(Collected data)
● ● ●
lemma siblings_depth: "siblings a b \<Longrightarrow> dp a = dp b"
proof -
  assume "siblings a b"
  then have "a \<in> V" "a \<noteq> r" "b \<in> V" "b \<noteq> r" "par a = par b" unfolding siblings_def by auto
  then have "dp a - 1 = dp b - 1" "0 < dp a" "0 < dp b"
    using depth_parent[of a] depth_parent[of b] by auto
  then show ?thesis by linarith
qed

lemma siblings_children: "siblings a b \<Longrightarrow> a \<in> ch (par a) \<and> b \<in> ch (par a) \<and> par a \<in> V"
  unfolding siblings_def children_iff using parent_in by auto

lemma siblings_ancestor_parent: "siblings a b \<Longrightarrow> anc (par a) b"
  unfolding siblings_def using parent_ancestor by simp

lemma siblings_unique:
  assumes "siblings a b" "anc a x" "anc b y" "siblings a' b'" "anc a' x" "anc b' y"
  shows "a = a' \<and> b = b'"
proof -
  have deeper: False
    if s: "siblings a b" "anc a x" "anc b y" and s': "siblings a' b'" "anc a' x" "anc b' y"
      and lt: "dp a < dp a'" for a b a' b'
  proof -
    have a': "a' \<in> V" "a' \<noteq> r" using s'(1) unfolding siblings_def by auto
    then have "anc (par a') x" using parent_ancestor ancestor_trans s'(2) by blast
    moreover have "dp a \<le> dp (par a')" using depth_parent[OF a'] lt by simp
    ultimately have "anc a (par a')" using ancestor_linear[OF s(2)] by blast
    then have "anc a y" using siblings_ancestor_parent[OF s'(1)] s'(3) ancestor_trans by blast
    then have "a = b" using same_depth_ancestors_eq s(3) siblings_depth[OF s(1)] by blast
    then show False using s(1) unfolding siblings_def by simp
  qed
  have "dp a = dp a'" using deeper[OF assms] deeper[OF assms(4-6) assms(1-3)] by fastforce
  moreover have "dp b = dp b'" using calculation siblings_depth assms(1,4) by simp
  ultimately show ?thesis using same_depth_ancestors_eq assms(2,3,5,6) by blast
qed

lemma left_in: "left x y \<Longrightarrow> x \<in> V \<and> y \<in> V"
  unfolding left_def using ancestor_in by blast

lemma left_not_ancestor: "left x y \<Longrightarrow> \<not> anc x y \<and> \<not> anc y x"
proof -
  assume "left x y"
  then obtain a b where ab: "siblings a b" "anc a x" "anc b y" unfolding left_def by blast
  then have "dp a = dp b" "a \<noteq> b" using siblings_depth unfolding siblings_def by auto
  then show ?thesis using ab ancestor_trans same_depth_ancestors_eq by blast
qed

lemma left_asym: "left x y \<Longrightarrow> \<not> left y x"
proof
  assume "left x y" "left y x"
  then obtain a b a' b' where ab: "siblings a b" "slt a b" "anc a x" "anc b y"
    and ab': "siblings a' b'" "slt a' b'" "anc a' y" "anc b' x" unfolding left_def by blast
  have "siblings b' a'" using ab'(1) unfolding siblings_def by auto
  then have "slt b a" using siblings_unique[OF ab(1,3,4)] ab' by blast
  then show False using slt_trans slt_irrefl siblings_children[OF ab(1)] ab(2) by blast
qed

lemma left_descendants: "left x y \<Longrightarrow> anc x x' \<Longrightarrow> anc y y' \<Longrightarrow> left x' y'"
  unfolding left_def using ancestor_trans by blast

lemma left_trans: "left x y \<Longrightarrow> left y z \<Longrightarrow> left x z"
proof -
  assume "left x y" "left y z"
  then obtain a b a' b' where ab: "siblings a b" "slt a b" "anc a x" "anc b y"
    and ab': "siblings a' b'" "slt a' b'" "anc a' y" "anc b' z" unfolding left_def by blast
  consider "dp b = dp a'" | "dp b < dp a'" | "dp a' < dp b" by linarith
  then show "left x z"
  proof cases
    case 1
    then have "b = a'" using same_depth_ancestors_eq ab(4) ab'(3) by blast
    then have "b' \<in> ch (par a)" "par a = par b'"
      using siblings_children[OF ab'(1)] ab(1) ab'(1) unfolding siblings_def by auto
    moreover have "slt a b'"
      using slt_trans siblings_children[OF ab(1)] ab(2) ab'(2) \<open>b = a'\<close> calculation(1) by blast
    moreover have "a \<noteq> b'" using calculation(3) slt_irrefl siblings_children[OF ab(1)] by blast
    ultimately have "siblings a b'"
      using ab(1) ab'(1) unfolding siblings_def by simp
    then show ?thesis unfolding left_def using \<open>slt a b'\<close> ab(3) ab'(4) by blast
  next
    case 2
    have a': "a' \<in> V" "a' \<noteq> r" using ab'(1) unfolding siblings_def by auto
    have "anc b a'" using ancestor_linear[OF ab(4) ab'(3)] 2 by simp
    moreover have "dp b \<le> dp (par a')" using depth_parent[OF a'] 2 by simp
    ultimately have "anc b (par a')" using ancestor_linear parent_ancestor[OF a'] by blast
    then have "anc b z" using siblings_ancestor_parent[OF ab'(1)] ab'(4) ancestor_trans by blast
    then show ?thesis unfolding left_def using ab by blast
  next
    case 3
    have b: "b \<in> V" "b \<noteq> r" "par b = par a" using ab(1) unfolding siblings_def by auto
    have "anc a' b" using ancestor_linear[OF ab'(3) ab(4)] 3 by simp
    moreover have "dp a' \<le> dp (par b)" using depth_parent[OF b(1,2)] 3 by simp
    ultimately have "anc a' (par a)" using ancestor_linear parent_ancestor[OF b(1,2)] b(3) by metis
    moreover have "anc (par a) a" using ab(1) parent_ancestor unfolding siblings_def by blast
    ultimately have "anc a' x" using ab(3) ancestor_trans by blast
    then show ?thesis unfolding left_def using ab' by blast
  qed
qed

lemma left_if_ancestors_diverge:
  assumes xy: "x \<in> V" "y \<in> V" and k: "Suc j \<le> min (dp x) (dp y)"
    and same: "ancestor_at x j = ancestor_at y j"
    and diff: "ancestor_at x (Suc j) \<noteq> ancestor_at y (Suc j)"
  shows "left x y \<or> left y x"
proof -
  let ?a = "ancestor_at x (Suc j)" and ?b = "ancestor_at y (Suc j)"
  have ab: "anc ?a x" "dp ?a = Suc j" "anc ?b y" "dp ?b = Suc j"
    using ancestor_at xy k by auto
  have "par ?a = par ?b" using parent_ancestor_at k same by simp
  moreover have "?a \<noteq> r" "?b \<noteq> r" using ab depth_root by auto
  ultimately have "siblings ?a ?b" "siblings ?b ?a"
    using ab ancestor_in diff unfolding siblings_def by auto
  moreover have "slt ?a ?b \<or> slt ?b ?a"
    using slt_total[OF _ _ _ diff] siblings_children[OF calculation(1)] by blast
  ultimately show ?thesis unfolding left_def using ab by blast
qed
● ● ●
◆ **Assignment**
Read through the data and copy every line where "Longrightarrow" shows up.

◆ **Response to this exercise**
lemma siblings_depth: "siblings a b \<Longrightarrow> dp a = dp b"
lemma siblings_children: "siblings a b \<Longrightarrow> a \<in> ch (par a) \<and> b \<in> ch (par a) \<and> par a \<in> V"
lemma siblings_ancestor_parent: "siblings a b \<Longrightarrow> anc (par a) b"
lemma left_in: "left x y \<Longrightarrow> x \<in> V \<and> y \<in> V"
lemma left_not_ancestor: "left x y \<Longrightarrow> \<not> anc x y \<and> \<not> anc y x"
lemma left_asym: "left x y \<Longrightarrow> \<not> left y x"
lemma left_descendants: "left x y \<Longrightarrow> anc x x' \<Longrightarrow> anc y y' \<Longrightarrow> left x' y'"
lemma left_trans: "left x y \<Longrightarrow> left y z \<Longrightarrow> left x z"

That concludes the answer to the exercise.